▸ EXERCISE BRIEF
Look through the listing below and report every line that contains "objs".

--*--

lemma card_eq_of_orb_iso:
  assumes "subgroup H G" "subgroup K G" "orb_iso G H K f" "finite H" "finite K"
  shows "card H = card K"
  using assms card_dvd_of_orb_hom unfolding orb_iso_def by (blast intro: dvd_antisym)

lemma subset_of_orb_hom_base:
  assumes H: "subgroup H G" and K: "subgroup K G" and f: "orb_hom G H K f" and fH: "f H = K"
  shows "H \<subseteq> K"
proof -
  obtain c where c: "c \<in> carrier G" "conj_set G c H \<subseteq> K" "f = orb_map G H K c"
    using orb_homE[OF H K f] .
  have "inv c <# K = \<one> <# K"
    using orb_map_apply[OF H K c(1,2) one_closed] fH c l_coset_one[OF H] l_coset_one[OF K] by simp
  then have "inv c \<in> K"
    using l_coset_eq_iff[OF K inv_closed[OF c(1)] one_closed] c(1) subgroup.m_inv_closed[OF K]
    by fastforce
  have "H = conj_set G (inv c) (conj_set G c H)"
    using conj_set_inv[OF c(1) subgroup.subset[OF H]] by simp
  also have "\<dots> \<subseteq> conj_set G (inv c) K"
    using conj_set_mono[OF c(2)] .
  also have "\<dots> = K"
    using conj_set_subgroup_self[OF K \<open>inv c \<in> K\<close>] .
  finally show ?thesis .
qed

lemma eq_of_orb_iso_base:
  assumes H: "subgroup H G" and K: "subgroup K G" and f: "orb_iso G H K f" and fH: "f H = K"
  shows "H = K"
proof -
  obtain f' where f: "orb_hom G H K f" and f': "orb_hom G K H f'"
    and inverse: "orb_comp G H f' f = orb_id G H"
    using f unfolding orb_iso_def by blast
  have "f' K = H"
    using fun_cong[OF inverse, of H] fH subgroup_in_coset_space[OF H]
    by (simp add: orb_comp_def orb_id_def compose_eq)
  then show ?thesis
    using subset_of_orb_hom_base[OF H K f fH] subset_of_orb_hom_base[OF K H f'] by blast
qed

lemma orb_map_one_base:
  assumes "subgroup H G" "subgroup K G" "H \<subseteq> K"
  shows "orb_map G H K \<one> H = K"
  using orb_map_apply[OF assms(1,2) one_closed _ one_closed] conj_set_one assms
    l_coset_one[OF assms(1)] l_coset_one[OF assms(2)] subgroup.subset
  by (metis inv_one r_one one_closed)

lemma conj_set_between_of_factorisation:
  assumes H: "subgroup H G" and K: "subgroup K G" and L: "subgroup L G" and "H \<subseteq> K"
    and a: "a \<in> carrier G" "conj_set G a H \<subseteq> L" and b: "b \<in> carrier G" "conj_set G b L \<subseteq> K"
    and factor: "orb_comp G H (orb_map G L K b) (orb_map G H L a) = orb_map G H K \<one>"
  shows "H \<subseteq> conj_set G (inv a) L" and "conj_set G (inv a) L \<subseteq> K"
proof -
  show "H \<subseteq> conj_set G (inv a) L"
    using conj_set_mono[OF a(2), of "inv a"] conj_set_inv[OF a(1) subgroup.subset[OF H]] by simp
  have "b \<otimes> a \<in> K"
    using factor orb_comp_orb_map[OF H L K a(1) b(1) a(2) b(2)] orb_map_eq_iff[OF H K _ one_closed]
      conj_set_one[OF subgroup.subset[OF H]] \<open>H \<subseteq> K\<close> a(1) b(1) by simp
  have "inv a = inv (b \<otimes> a) \<otimes> b"
    using a b by (simp add: inv_mult_group m_assoc)
  then have "conj_set G (inv a) L = conj_set G (inv (b \<otimes> a)) (conj_set G b L)"
    using conj_set_mult[OF inv_closed[OF m_closed[OF b(1) a(1)]] b(1) subgroup.subset[OF L]] by simp
  also have "\<dots> \<subseteq> conj_set G (inv (b \<otimes> a)) K"
    using conj_set_mono[OF b(2)] .
  also have "\<dots> = K"
    using conj_set_subgroup_self[OF K subgroup.m_inv_closed[OF K \<open>b \<otimes> a \<in> K\<close>]] .
  finally show "conj_set G (inv a) L \<subseteq> K" .
qed

end

section \<open>Cyclic groups and maximal subgroups\<close>

definition maximal_subgroup :: "('g, 'b) monoid_scheme \<Rightarrow> 'g set \<Rightarrow> 'g set \<Rightarrow> bool" where
  "maximal_subgroup G M K \<longleftrightarrow> subgroup M G \<and> subgroup K G \<and> M \<subset> K \<and>
     (\<forall>L. subgroup L G \<and> M \<subseteq> L \<and> L \<subseteq> K \<longrightarrow> L = M \<or> L = K)"

definition maximal_chain :: "('g, 'b) monoid_scheme \<Rightarrow> 'g set list \<Rightarrow> bool" where
  "maximal_chain G objs \<longleftrightarrow>
     (\<forall>i. Suc i < length objs \<longrightarrow> maximal_subgroup G (objs ! i) (objs ! Suc i))"

definition cyclic_prime_power :: "('g, 'b) monoid_scheme \<Rightarrow> 'g set \<Rightarrow> bool" where
  "cyclic_prime_power G H \<longleftrightarrow>
     cyclic_group (G\<lparr>carrier := H\<rparr>) \<and> (\<exists>p k. Factorial_Ring.prime (p::nat) \<and> card H = p ^ k)"

lemma two_prime_divisors_if_not_prime_power:
  fixes n :: nat
  assumes "n > 1" and not_pp: "\<nexists>p k. Factorial_Ring.prime p \<and> n = p ^ k"
  obtains p q where "Factorial_Ring.prime p" "Factorial_Ring.prime q" "p \<noteq> q" "p dvd n" "q dvd n"
proof -
  obtain p where p: "Factorial_Ring.prime p" "p dvd n"
    using prime_factor_nat[of n] \<open>n > 1\<close> by auto
  obtain y where y: "n = p ^ multiplicity p n * y" "\<not> p dvd y"
  proof (rule multiplicity_decompose')
    show "n \<noteq> 0" "\<not> is_unit p"
      using \<open>n > 1\<close> p(1) not_prime_unit by auto
  qed
  have "y \<noteq> 1"
    using not_pp p(1) y(1) by auto
  then obtain q where q: "Factorial_Ring.prime q" "q dvd y"
    using prime_factor_nat by blast
  have "p \<noteq> q"
    using q y by blast
  moreover have "q dvd n"
    using q y by (metis dvd_mult)
  ultimately show ?thesis
    using that p q by blast
qed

--*--

▸ EXERCISE ANSWER
  "maximal_chain G objs \<longleftrightarrow>
     (\<forall>i. Suc i < length objs \<longrightarrow> maximal_subgroup G (objs ! i) (objs ! Suc i))"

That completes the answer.